* **Problem**: Whatever appears in the data below, copy it exactly.

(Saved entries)

lemma cycle_edge_on_cycle:
  assumes cycle: "is_cycle G vs" and f: "f \<in> cycle_edges vs" and sub: "cycle_edges vs \<subseteq> F"
  obtains s t where "f = {s, t}" "s \<in> set vs" "on_cycle F s t"
proof -
  let ?n = "length vs"
  obtain i where i: "i < ?n" and f_i: "f = {vs ! i, vs ! ((i + 1) mod ?n)}"
    using f by (auto simp: cycle_edges_def)
  have n: "3 \<le> ?n" and dist: "distinct vs"
    using cycle by (auto simp: is_cycle_def)
  have "i + 1 + (?n - 1) = i + ?n"
    using n by simp
  then have "(i + 1 + (?n - 1)) mod ?n = i"
    using i by simp
  then have "linked (cycle_edges vs - {f}) (vs ! ((i + 1) mod ?n)) (vs ! i)"
    using linked_cycle_walk[OF cycle i, of "?n - 1"] n f_i by simp
  then have "linked (F - {f}) (vs ! i) (vs ! ((i + 1) mod ?n))"
    using sub by (meson Diff_mono linked_mono linked_sym order_refl)
  moreover have "vs ! i \<noteq> vs ! ((i + 1) mod ?n)"
  proof -
    have "(i + 1) mod ?n < ?n"
      using n by (intro mod_less_divisor) linarith
    with i have "vs ! i = vs ! ((i + 1) mod ?n) \<longleftrightarrow> i = (i + 1) mod ?n"
      by (rule nth_eq_iff_index_eq[OF dist])
    with mod_add_neq_self[OF i, of 1] n show ?thesis
      by auto
  qed
  moreover have "f \<in> F"
    using f sub by blast
  ultimately have "on_cycle F (vs ! i) (vs ! ((i + 1) mod ?n))"
    by (simp add: on_cycle_def f_i)
  with that f_i i show ?thesis
    by simp
qed

lemma linked_cycle_vertices:
  assumes cycle: "is_cycle G vs" and xy: "x \<in> set vs" "y \<in> set vs"
  shows "linked (cycle_edges vs) x y"
proof -
  let ?n = "length vs"
  have n: "3 \<le> ?n"
    using cycle by (simp add: is_cycle_def)
  have from_hd: "linked (cycle_edges vs) (vs ! 0) (vs ! k)" if "k < ?n" for k
  proof -
    have last: "?n - 1 < ?n" and wrap: "?n - 1 + 1 = ?n"
      using n by simp_all
    have "linked (cycle_edges vs - {{vs ! (?n - 1), vs ! ((?n - 1 + 1) mod ?n)}})
        (vs ! ((?n - 1 + 1) mod ?n)) (vs ! ((?n - 1 + 1 + k) mod ?n))"
      by (rule linked_cycle_walk[OF cycle last that])
    then have "linked (cycle_edges vs - {{vs ! (?n - 1), vs ! 0}}) (vs ! 0) (vs ! k)"
      using that unfolding wrap by simp
    then show ?thesis
      by (rule linked_mono) blast
  qed
  obtain k l where "k < ?n" "l < ?n" "x = vs ! k" "y = vs ! l"
    using xy by (metis in_set_conv_nth)
  with from_hd have "linked (cycle_edges vs) (vs ! 0) x" "linked (cycle_edges vs) (vs ! 0) y"
    by simp_all
  then show ?thesis
    using linked_sym linked_trans by metis
qed

lemma Union_cycle_edges:
  assumes "is_cycle G vs"
  shows "\<Union> (cycle_edges vs) = set vs"
proof
  have "3 \<le> length vs"
    using assms by (simp add: is_cycle_def)
  then have "vs ! ((i + 1) mod length vs) \<in> set vs" for i
    by (intro nth_mem mod_less_divisor) linarith
  then show "\<Union> (cycle_edges vs) \<subseteq> set vs"
    unfolding cycle_edges_def by auto
  show "set vs \<subseteq> \<Union> (cycle_edges vs)"
  proof
    fix x
    assume "x \<in> set vs"
    then obtain i where "i < length vs" "x = vs ! i"
      by (metis in_set_conv_nth)
    then show "x \<in> \<Union> (cycle_edges vs)"
      using cycle_edge_in_cycle_edges[of i vs] by blast
  qed
qed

* **Reply to the task**:
lemma cycle_edge_on_cycle:
  assumes cycle: "is_cycle G vs" and f: "f \<in> cycle_edges vs" and sub: "cycle_edges vs \<subseteq> F"
  obtains s t where "f = {s, t}" "s \<in> set vs" "on_cycle F s t"
proof -
  let ?n = "length vs"
  obtain i where i: "i < ?n" and f_i: "f = {vs ! i, vs ! ((i + 1) mod ?n)}"
    using f by (auto simp: cycle_edges_def)
  have n: "3 \<le> ?n" and dist: "distinct vs"
    using cycle by (auto simp: is_cycle_def)
  have "i + 1 + (?n - 1) = i + ?n"
    using n by simp
  then have "(i + 1 + (?n - 1)) mod ?n = i"
    using i by simp
  then have "linked (cycle_edges vs - {f}) (vs ! ((i + 1) mod ?n)) (vs ! i)"
    using linked_cycle_walk[OF cycle i, of "?n - 1"] n f_i by simp
  then have "linked (F - {f}) (vs ! i) (vs ! ((i + 1) mod ?n))"
    using sub by (meson Diff_mono linked_mono linked_sym order_refl)
  moreover have "vs ! i \<noteq> vs ! ((i + 1) mod ?n)"
  proof -
    have "(i + 1) mod ?n < ?n"
      using n by (intro mod_less_divisor) linarith
    with i have "vs ! i = vs ! ((i + 1) mod ?n) \<longleftrightarrow> i = (i + 1) mod ?n"
      by (rule nth_eq_iff_index_eq[OF dist])
    with mod_add_neq_self[OF i, of 1] n show ?thesis
      by auto
  qed
  moreover have "f \<in> F"
    using f sub by blast
  ultimately have "on_cycle F (vs ! i) (vs ! ((i + 1) mod ?n))"
    by (simp add: on_cycle_def f_i)
  with that f_i i show ?thesis
    by simp
qed

lemma linked_cycle_vertices:
  assumes cycle: "is_cycle G vs" and xy: "x \<in> set vs" "y \<in> set vs"
  shows "linked (cycle_edges vs) x y"
proof -
  let ?n = "length vs"
  have n: "3 \<le> ?n"
    using cycle by (simp add: is_cycle_def)
  have from_hd: "linked (cycle_edges vs) (vs ! 0) (vs ! k)" if "k < ?n" for k
  proof -
    have last: "?n - 1 < ?n" and wrap: "?n - 1 + 1 = ?n"
      using n by simp_all
    have "linked (cycle_edges vs - {{vs ! (?n - 1), vs ! ((?n - 1 + 1) mod ?n)}})
        (vs ! ((?n - 1 + 1) mod ?n)) (vs ! ((?n - 1 + 1 + k) mod ?n))"
      by (rule linked_cycle_walk[OF cycle last that])
    then have "linked (cycle_edges vs - {{vs ! (?n - 1), vs ! 0}}) (vs ! 0) (vs ! k)"
      using that unfolding wrap by simp
    then show ?thesis
      by (rule linked_mono) blast
  qed
  obtain k l where "k < ?n" "l < ?n" "x = vs ! k" "y = vs ! l"
    using xy by (metis in_set_conv_nth)
  with from_hd have "linked (cycle_edges vs) (vs ! 0) x" "linked (cycle_edges vs) (vs ! 0) y"
    by simp_all
  then show ?thesis
    using linked_sym linked_trans by metis
qed

lemma Union_cycle_edges:
  assumes "is_cycle G vs"
  shows "\<Union> (cycle_edges vs) = set vs"
proof
  have "3 \<le> length vs"
    using assms by (simp add: is_cycle_def)
  then have "vs ! ((i + 1) mod length vs) \<in> set vs" for i
    by (intro nth_mem mod_less_divisor) linarith
  then show "\<Union> (cycle_edges vs) \<subseteq> set vs"
    unfolding cycle_edges_def by auto
  show "set vs \<subseteq> \<Union> (cycle_edges vs)"
  proof
    fix x
    assume "x \<in> set vs"
    then obtain i where "i < length vs" "x = vs ! i"
      by (metis in_set_conv_nth)
    then show "x \<in> \<Union> (cycle_edges vs)"
      using cycle_edge_in_cycle_edges[of i vs] by blast
  qed
qed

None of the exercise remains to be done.